■ Requirement
Beginning at the line that contains "(auto simp: smooth_pair_def)" and ending at the last line of the records below, retype each line exactly and add nothing.

Supplied records below:

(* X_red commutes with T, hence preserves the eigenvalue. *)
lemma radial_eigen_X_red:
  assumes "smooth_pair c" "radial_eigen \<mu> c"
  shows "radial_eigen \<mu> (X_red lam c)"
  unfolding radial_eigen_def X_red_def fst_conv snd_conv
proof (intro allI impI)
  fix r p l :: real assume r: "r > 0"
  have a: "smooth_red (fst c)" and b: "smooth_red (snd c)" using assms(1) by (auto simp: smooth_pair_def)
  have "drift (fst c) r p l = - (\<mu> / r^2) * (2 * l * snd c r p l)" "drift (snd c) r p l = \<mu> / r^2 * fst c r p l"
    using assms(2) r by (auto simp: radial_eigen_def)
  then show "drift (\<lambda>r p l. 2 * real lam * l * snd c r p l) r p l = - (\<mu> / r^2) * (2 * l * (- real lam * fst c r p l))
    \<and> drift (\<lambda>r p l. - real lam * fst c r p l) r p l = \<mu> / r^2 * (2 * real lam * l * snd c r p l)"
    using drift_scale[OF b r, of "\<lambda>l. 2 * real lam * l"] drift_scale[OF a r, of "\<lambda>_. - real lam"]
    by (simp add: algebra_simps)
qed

End of Supplied records.

■ Task result
  have a: "smooth_red (fst c)" and b: "smooth_red (snd c)" using assms(1) by (auto simp: smooth_pair_def)
  have "drift (fst c) r p l = - (\<mu> / r^2) * (2 * l * snd c r p l)" "drift (snd c) r p l = \<mu> / r^2 * fst c r p l"
    using assms(2) r by (auto simp: radial_eigen_def)
  then show "drift (\<lambda>r p l. 2 * real lam * l * snd c r p l) r p l = - (\<mu> / r^2) * (2 * l * (- real lam * fst c r p l))
    \<and> drift (\<lambda>r p l. - real lam * fst c r p l) r p l = \<mu> / r^2 * (2 * real lam * l * snd c r p l)"
    using drift_scale[OF b r, of "\<lambda>l. 2 * real lam * l"] drift_scale[OF a r, of "\<lambda>_. - real lam"]
    by (simp add: algebra_simps)
qed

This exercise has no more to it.